Кате показалось, что женщина вот-вот грохнется в обморок, так побелела она вдруг, так задрожали ее губы и руки. Какое-то время она стояла неподвижно, пристально вглядываясь в лицо мужа, желая удостовериться, что он жив. Но из открытого рта Марка вырвался легкий храп. Не проронив ни слова, Аделина бросилась вон из гостиничного номера.
Привалясь к дверному косяку, Катя с саркастически-хмурой усмешкой смотрела ей вслед. А та шла, держась за стену, как по кораблю во время качки. Шла, как человек, которому нанесли смертельный удар в спину, и рукоятка ножа все еще торчала меж ее лопаток.
Катя бесшумно прикрыла дверь. Нужно было действовать дальше. Ведь не станет же она вступать в объяснения с Марком, когда тот, проспавшись, придет в себя. Все, что ему причиталось, он только что получил. Его счастливая семейная жизнь кончилась. Кончилась навсегда. Скорее всего, жена не простит ему измену. Не простит пережитый шок и унижение. Но если все же они найдут в себе силы остаться вместе, она никогда не забудет… не сможет забыть то, что только что видела. Их совместная жизнь превратится в подлинный ад.

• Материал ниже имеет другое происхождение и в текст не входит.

(* Let $\omega\in\mathbb{R}$. Then there exists a sequence $\{\varphi_n\}_{n\in\mathbb{N}}\subseteq W(\mathbb{R}^+)$ with $\varphi_n(0)=0$ for all $n$ such that $\lim_{n\to\infty}\|\varphi_n\|^2_{L^2(\mathbb{R}^+)}=4d_{\mathbb{R}^+}(\omega)$ and $\lim_{n\to\infty}I_{\mathbb{R}^+}(\varphi_n,\omega)=0$.
   Context: $W(\mathbb{R}^+)=\{v\in H^1(\mathbb{R}^+;\mathbb{C}):|v|^2\log|v|^2\in L^1(\mathbb{R}^+)\}$. $S_{\mathbb{R}^+}(v,\omega)=\frac12\|\partial_xv\|^2_{L^2(\mathbb{R}^+)}+\frac{\omega+1}2\|v\|^2_{L^2(\mathbb{R}^+)}-\frac12\int_0^\infty|v|^2\log|v|^2dx$, $I_{\mathbb{R}^+}(v,\omega)=\|\partial_xv\|^2_{L^2(\mathbb{R}^+)}+\omega\|v\|^2_{L^2(\mathbb{R}^+)}-\int_0^\infty|v|^2\log|v|^2dx$, and $d_{\mathbb{R}^+}(\omega)=\inf\{S_{\mathbb{R}^+}(v,\omega):v\in W(\mathbb{R}^+)\setminus\{0\},I_{\mathbb{R}^+}(v,\omega)=0\}$. *)

theory Defs
  imports "HOL-Analysis.Analysis"
begin

text \<open>H^1 on the half line R^+ = (0,oo), complex valued, via the absolutely continuous
representative: v is square integrable on (0,oo), and g is an L^2 function with
v x = v 0 + int_0^x g for all x >= 0 (so g is the weak derivative of v and v 0 is the trace).\<close>

definition H1_deriv_halfline :: "(real \<Rightarrow> complex) \<Rightarrow> (real \<Rightarrow> complex) \<Rightarrow> bool" where
  "H1_deriv_halfline v g \<longleftrightarrow>
     set_integrable lborel {0<..} (\<lambda>x. (cmod (v x))\<^sup>2) \<and>
     set_borel_measurable lborel {0<..} g \<and>
     set_integrable lborel {0<..} (\<lambda>x. (cmod (g x))\<^sup>2) \<and>
     (\<forall>x\<ge>0. set_integrable lborel {0..x} g \<and> v x = v 0 + (LINT t:{0..x}|lborel. g t))"

definition in_W_halfline :: "(real \<Rightarrow> complex) \<Rightarrow> (real \<Rightarrow> complex) \<Rightarrow> bool" where
  "in_W_halfline v g \<longleftrightarrow> H1_deriv_halfline v g \<and>
     set_integrable lborel {0<..} (\<lambda>x. (cmod (v x))\<^sup>2 * ln ((cmod (v x))\<^sup>2))"

definition L2sq_halfline :: "(real \<Rightarrow> complex) \<Rightarrow> real" where
  "L2sq_halfline v = (LINT x:{0<..}|lborel. (cmod (v x))\<^sup>2)"

definition logterm_halfline :: "(real \<Rightarrow> complex) \<Rightarrow> real" where
  "logterm_halfline v = (LINT x:{0<..}|lborel. (cmod (v x))\<^sup>2 * ln ((cmod (v x))\<^sup>2))"

definition S_halfline :: "(real \<Rightarrow> complex) \<Rightarrow> (real \<Rightarrow> complex) \<Rightarrow> real \<Rightarrow> real" where
  "S_halfline v g \<omega> = L2sq_halfline g / 2 + (\<omega> + 1) / 2 * L2sq_halfline v - logterm_halfline v / 2"

definition I_halfline :: "(real \<Rightarrow> complex) \<Rightarrow> (real \<Rightarrow> complex) \<Rightarrow> real \<Rightarrow> real" where
  "I_halfline v g \<omega> = L2sq_halfline g + \<omega> * L2sq_halfline v - logterm_halfline v"

definition d_halfline :: "real \<Rightarrow> real" where
  "d_halfline \<omega> = Inf {S_halfline v g \<omega> | v g. in_W_halfline v g \<and> (\<exists>x\<ge>0. v x \<noteq> 0)
                                               \<and> I_halfline v g \<omega> = 0}"

end

theory Submission
  imports Defs "HOL-Real_Asymp.Real_Asymp"
begin

text \<open>On the Nehari set \<open>I = 0\<close> one has \<open>S = \<parallel>v\<parallel>\<^sup>2 / 2\<close>, so \<open>2 d\<close> is the infimum of the masses
of Nehari functions; the set is nonempty because replacing \<open>v\<close> by \<open>c v\<close> changes \<open>I\<close> into
\<open>|c|\<^sup>2 (I - ln |c|\<^sup>2 \<parallel>v\<parallel>\<^sup>2)\<close>. Given a Nehari function \<open>v\<close> of almost minimal mass, choose \<open>a\<close> far
out with \<open>|v a|\<^sup>2\<close> small and glue a linear ramp from \<open>0\<close> to \<open>v a\<close> on \<open>[0,1]\<close>, then \<open>v\<close> run
backwards from \<open>a\<close> to \<open>0\<close>, then \<open>v\<close> again. The glued function vanishes at \<open>0\<close>, and its mass and
its value of \<open>I\<close> are those of \<open>v\<close> counted twice, up to the tail of \<open>v\<close> beyond \<open>a\<close> and the
contribution of the ramp, both of which are small.\<close>

lemma set_integral_const_bounded:
  fixes c :: "'b::{banach,second_countable_topology}" and u w :: real
  assumes "A \<subseteq> {u..w}" "A \<in> sets lborel"
  shows "set_integrable lborel A (\<lambda>_. c)" "(LINT x:A|lborel. c) = measure lborel A *\<^sub>R c"
proof -
  have "emeasure lborel A \<le> emeasure lborel {u..w}" by (rule emeasure_mono[OF assms(1)]) auto
  then have fin: "emeasure lborel A < \<infinity>" by (simp add: emeasure_lborel_Icc_eq order.strict_trans1)
  then show "set_integrable lborel A (\<lambda>_. c)"
    using assms(2) by (auto simp: set_integrable_def intro!: integrable_scaleR_left)
  show "(LINT x:A|lborel. c) = measure lborel A *\<^sub>R c"
    using fin by (intro set_integral_const assms(2)) simp
qed

lemma set_integral_nonneg:
  fixes f :: "'a \<Rightarrow> real"
  assumes "\<And>x. x \<in> A \<Longrightarrow> 0 \<le> f x"
  shows "0 \<le> (LINT x:A|M. f x)"
  unfolding set_lebesgue_integral_def
  by (rule integral_nonneg_AE) (use assms in \<open>auto simp: indicator_def\<close>)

Быстро одевшись, Катя собрала свои вещи в саквояж. Одежда Марка осталась валяться на полу. Не бросив даже прощального взгляда на того, кто когда-то безраздельно владел ее помыслами и чувствами, она подхватила саквояж и покинула номер.
ГЛАВА ШЕСТНАДЦАТАЯ
Катя сама не ожидала, что ее замысел реализуется с такой головокружи-тельной быстротой, в течение всего одного дня. Конечно, самое правильное было бы немедленно уехать из города, по принципу ищи ветра в поле. Но бабье любопытство взяло верх над здравым смыслом. Уж очень ей хотелось узнать, чем вся эта история закончится. Сумеет ли ее дорожайший Марик выпутаться. Одно не подлежало сомнению: как "Галина Чернова", она должна была исчезнуть немедленно. Прямо сейчас. С концами. Поэтому, сдавая ключ от номера, Катя улыбнулась сонному портье и, как бы между прочим, сказала:
– Вот, приятель, выписываюсь раньше времени. Не забудь включить в счет бутылку рома. Я взяла ее в номере, из бара. А это тебе на бутылочку.

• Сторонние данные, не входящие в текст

theorem mainTheorem12:
  fixes m :: "nat \<Rightarrow> nat \<Rightarrow> nat" and a d :: real
  assumes "0 < a" and "0 \<le> d" and "0 < col m 0"
  defines "K \<equiv> K_const (ratio m) d" and "I \<equiv> I_const m d"
  shows "(pH0 m a = mcoef m *
           (Beta (real (row m 1) + 1/2) (real (row m 2) + 1/2) / Beta (1/2) (1/2)) *
           (Beta (real (row m 1 + row m 2) + a) (real (row m 0) + 1/2) / Beta a (1/2))) \<and>
         (pH1 m d = mcoef m *
           (Beta (real (row m 1) + 1/2) (real (row m 2) + 1/2) *
            Beta (real (m 1 0 + m 2 0) + 1/2) (real (m 0 0) + 1/2) *
            Beta (real (m 1 1 + m 2 1) + 1/2) (real (m 0 1) + 1/2) / Beta (1/2) (1/2) ^ 3) *
           (I / K)) \<and>
         (1 / (pH0 m a / pH1 m d) =
           (Beta (real (m 1 0 + m 2 0) + 1/2) (real (m 0 0) + 1/2) *
            Beta (real (m 1 1 + m 2 1) + 1/2) (real (m 0 1) + 1/2) * Beta a (1/2)) /
           (Beta (real (row m 1 + row m 2) + a) (real (row m 0) + 1/2) * Beta (1/2) (1/2) ^ 2) *
           (I / K)) \<and>
         (d = 0 \<longrightarrow> K = 1 \<and> I = 1)"
proof -
  have "d = 0 \<longrightarrow> K = 1 \<and> I = 1"
    unfolding K_def I_def using K_const_zero[OF ratio_nonneg] I_const_zero by simp
  then show ?thesis
    using pH0_eq[OF \<open>0 < a\<close>] pH1_eq inverse_Bayes_factor[OF \<open>0 < a\<close>]
    unfolding K_def I_def by blast
qed

end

Растрогавшись щедростью постоялицы, портье участливо спросил:
– Что ж вы съезжаете посреди ночи? Дождались бы утра. Выспались бы хорошенько. – Увидев, из какого номера он выписывает гостью, портье поднял на Катю подозрительный взгляд: – Галина Александровна Чернова? Ведь это к вам полчаса назад рвалась чем-то очень встревоженная женщина? Она назвала мне ваш номер. А потом пролетела мимо как ошпаренная.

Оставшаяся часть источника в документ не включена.